Below are some records. How many of their lines contain the string "lambda"? Give the number only.

Collected data entries:
━━━━━━━━━━
lemma continuous_on_segment_distinct_squares:
  fixes h :: "real \<Rightarrow> real"
  assumes cont: "continuous_on (closed_segment p q) h" and ne: "h p \<noteq> h q"
  shows "\<exists>x1 x2 x3 x4. {x1, x2, x3, x4} \<subseteq> closed_segment p q \<and>
     h x1 \<noteq> 0 \<and> h x2 \<noteq> 0 \<and> h x3 \<noteq> 0 \<and> h x4 \<noteq> 0 \<and>
     distinct [(h x1)\<^sup>2, (h x2)\<^sup>2, (h x3)\<^sup>2, (h x4)\<^sup>2]"
proof -
  obtain L H where LH: "L < H" "{L..H} \<subseteq> closed_segment (h p) (h q)" "0 \<le> L \<or> H \<le> 0"
  proof -
    define lo hi where "lo = min (h p) (h q)" and "hi = max (h p) (h q)"
    have seg: "closed_segment (h p) (h q) = {lo..hi}" and "lo < hi"
      using ne by (auto simp: lo_def hi_def closed_segment_eq_real_ivl)
    show ?thesis
    proof (cases "0 \<le> lo \<or> hi \<le> 0")
      case True
      with that[of lo hi] seg \<open>lo < hi\<close> show ?thesis by simp
    next
      case False
      with that[of 0 hi] seg show ?thesis by simp
    qed
  qed
  define y where "y k = L + real k * (H - L) / 5" for k :: nat
  have y_between: "L < y k \<and> y k < H" if "1 \<le> k" "k \<le> 4" for k
  proof -
    have "0 < real k * (H - L)"
      using that LH(1) by simp
    moreover have "real k * (H - L) < 5 * (H - L)"
      using that LH(1) by (intro mult_strict_right_mono) auto
    ultimately show ?thesis by (auto simp: y_def field_simps)
  qed
  have "\<exists>x \<in> closed_segment p q. h x = y k" if "1 \<le> k" "k \<le> 4" for k
    using y_between[OF that] LH(2) by (intro IVT'_closed_segment_real[OF _ cont]) auto
  then obtain x where x: "\<And>k. 1 \<le> k \<Longrightarrow> k \<le> 4 \<Longrightarrow> x k \<in> closed_segment p q \<and> h (x k) = y k"
    by metis
  have same_sign: "0 < y j * y k" if "1 \<le> j" "j \<le> 4" "1 \<le> k" "k \<le> 4" for j k
    using y_between[of j] y_between[of k] that LH(3) by (auto intro: mult_pos_pos mult_neg_neg)
  have "y k \<noteq> 0" if "1 \<le> k" "k \<le> 4" for k
    using same_sign[OF that that] by auto
  moreover have "(y j)\<^sup>2 \<noteq> (y k)\<^sup>2" if "j \<noteq> k" "1 \<le> j" "j \<le> 4" "1 \<le> k" "k \<le> 4" for j k
    using that LH(1) by (intro power2_neq_of_same_sign same_sign) (simp_all add: y_def)
  ultimately show ?thesis
    using x[of 1] x[of 2] x[of 3] x[of 4]
    by (intro exI[of _ "x 1"] exI[of _ "x 2"] exI[of _ "x 3"] exI[of _ "x 4"]) simp
qed

lemma DERIV_const_imp_affine:
  fixes h h' :: "real \<Rightarrow> real"
  assumes "\<And>x. (h has_real_derivative h' x) (at x)" and "\<And>x. (h' has_real_derivative 0) (at x)"
  shows "h x = h' 0 * x + h 0"
proof -
  have "h' y = h' 0" for y
    using assms(2) by (intro DERIV_isconst_all[of h']) blast
  then have "((\<lambda>x. h x - h' 0 * x) has_real_derivative 0) (at y)" for y
    using assms(1)[of y] by (auto intro!: derivative_eq_intros)
  then have "h x - h' 0 * x = h 0 - h' 0 * 0"
    by (intro DERIV_isconst_all[of "\<lambda>x. h x - h' 0 * x"]) blast
  then show ?thesis by simp
qed

lemma smooth_fun_has_real_derivative:
  "smooth_fun f \<Longrightarrow> (f has_real_derivative deriv f x) (at x)"
  unfolding smooth_fun_def by (metis funpow_0 DERIV_deriv_iff_real_differentiable)

lemma smooth_fun_deriv: "smooth_fun f \<Longrightarrow> smooth_fun (deriv f)"
  unfolding smooth_fun_def by (metis funpow_Suc_right comp_apply)

lemma Omega_eq:
  "Omega a f g x z = f x * deriv (deriv g) (z + a * x)
     - (1 - (f x * deriv g (z + a * x))\<^sup>2) * (g (z + a * x) * deriv (deriv f) x
        + 2 * a * deriv f x * deriv g (z + a * x) + a\<^sup>2 * f x * deriv (deriv g) (z + a * x))"
  unfolding Omega_def Let_def by (simp add: algebra_simps power2_eq_square power3_eq_cube)

lemma mean_curv_eq_0_iff:
  assumes "(f x * deriv g (z + a * x))\<^sup>2 < 1"
  shows "mean_curv a f g x z = 0 \<longleftrightarrow> Omega a f g x z = 0"
  using assms unfolding mean_curv_def by simp

locale minimal_factorable_surface =
  fixes a :: real and f f' f'' g g' g'' :: "real \<Rightarrow> real"
  assumes a_nonzero: "a \<noteq> 0"
    and f_deriv: "\<And>x. (f has_real_derivative f' x) (at x)"
    and f'_deriv: "\<And>x. (f' has_real_derivative f'' x) (at x)"
    and g_deriv: "\<And>v. (g has_real_derivative g' v) (at v)"
    and g'_deriv: "\<And>v. (g' has_real_derivative g'' v) (at v)"
    and g''_cont: "\<And>v. isCont g'' v"
    and regular: "\<And>x v. (f x * g' v)\<^sup>2 < 1"
    and minimal_eq: "\<And>x v. (1 - (f x * g' v)\<^sup>2) * (g v * f'' x + 2 * a * f' x * g' v + a\<^sup>2 * f x * g'' v)
                        = f x * g'' v"
begin

lemma product_affine_in_x_if_g'_zero:
  assumes "\<And>v. g' v = 0"
  shows "\<exists>c b1 b0. \<forall>x v. f x * g v = c * (b1 * x + b0)"
proof -
  have g_const: "g v = g 0" for v
    using g_deriv assms by (intro DERIV_isconst_all[of g]) simp
  have "g'' v = 0" for v
    by (rule DERIV_local_const[OF g'_deriv zero_less_one]) (simp add: assms)
  then have g0_f'': "g 0 * f'' x = 0" for x
    using minimal_eq[of x 0] assms by simp
  show ?thesis
  proof (cases "g 0 = 0")
    case True
    then have "f x * g v = 0 * (0 * x + 0)" for x v
      using g_const[of v] by simp
    then show ?thesis by blast
  next
    case False
    then have "f'' x = 0" for x
      using g0_f'' by simp
    then have f_affine: "f x = f' 0 * x + f 0" for x
      using f_deriv f'_deriv by (intro DERIV_const_imp_affine[of f f']) simp_all
    have "f x * g v = g 0 * (f' 0 * x + f 0)" for x v
      by (subst f_affine, subst g_const) (rule mult.commute)
    then show ?thesis by blast
  qed
qed

lemma product_affine_in_v_if_g''_zero:
  assumes g''_zero: "\<And>v. g'' v = 0" and "g' v0 \<noteq> 0"
  shows "\<exists>c b1 b0. \<forall>x v. f x * g v = c * (b1 * v + b0)"
proof -
  have "g' v = g' 0" for v
    using g'_deriv g''_zero by (intro DERIV_isconst_all[of g']) simp
  then have slope: "g' v = g' 0" "g' 0 \<noteq> 0" for v
    using assms(2) by metis+
  have g_affine: "g v = g' 0 * v + g 0" for v
    using g_deriv g'_deriv g''_zero by (intro DERIV_const_imp_affine[of g g']) simp_all
  have lin: "g v * f'' x + 2 * a * f' x * g' 0 = 0" for x v
  proof -
    have "1 - (f x * g' v)\<^sup>2 \<noteq> 0"
      using regular[of x v] by simp
    then show ?thesis
      using minimal_eq[of x v] g''_zero[of v] slope(1)[of v] by simp
  qed
  have "f'' x = 0" for x
  proof -
    have "(g 1 - g 0) * f'' x
        = (g 1 * f'' x + 2 * a * f' x * g' 0) - (g 0 * f'' x + 2 * a * f' x * g' 0)"
      by (simp add: algebra_simps)
    also have "\<dots> = 0"
      using lin[of 1 x] lin[of 0 x] by simp
    finally show ?thesis
      using g_affine[of 1] slope(2) by simp
  qed
  then have "f' x = 0" for x
    using lin[of 0 x] slope(2) a_nonzero by simp
  then have "(f has_real_derivative 0) (at x)" for x
    using f_deriv[of x] by simp
  then have "f x = f 0" for x
    by (intro DERIV_isconst_all[of f]) blast
  then have "f x * g v = f 0 * (g' 0 * v + g 0)" for x v
    using g_affine[of v] by simp
  then show ?thesis by blast
qed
━━━━━━━━━━
### [Response to this exercise]
2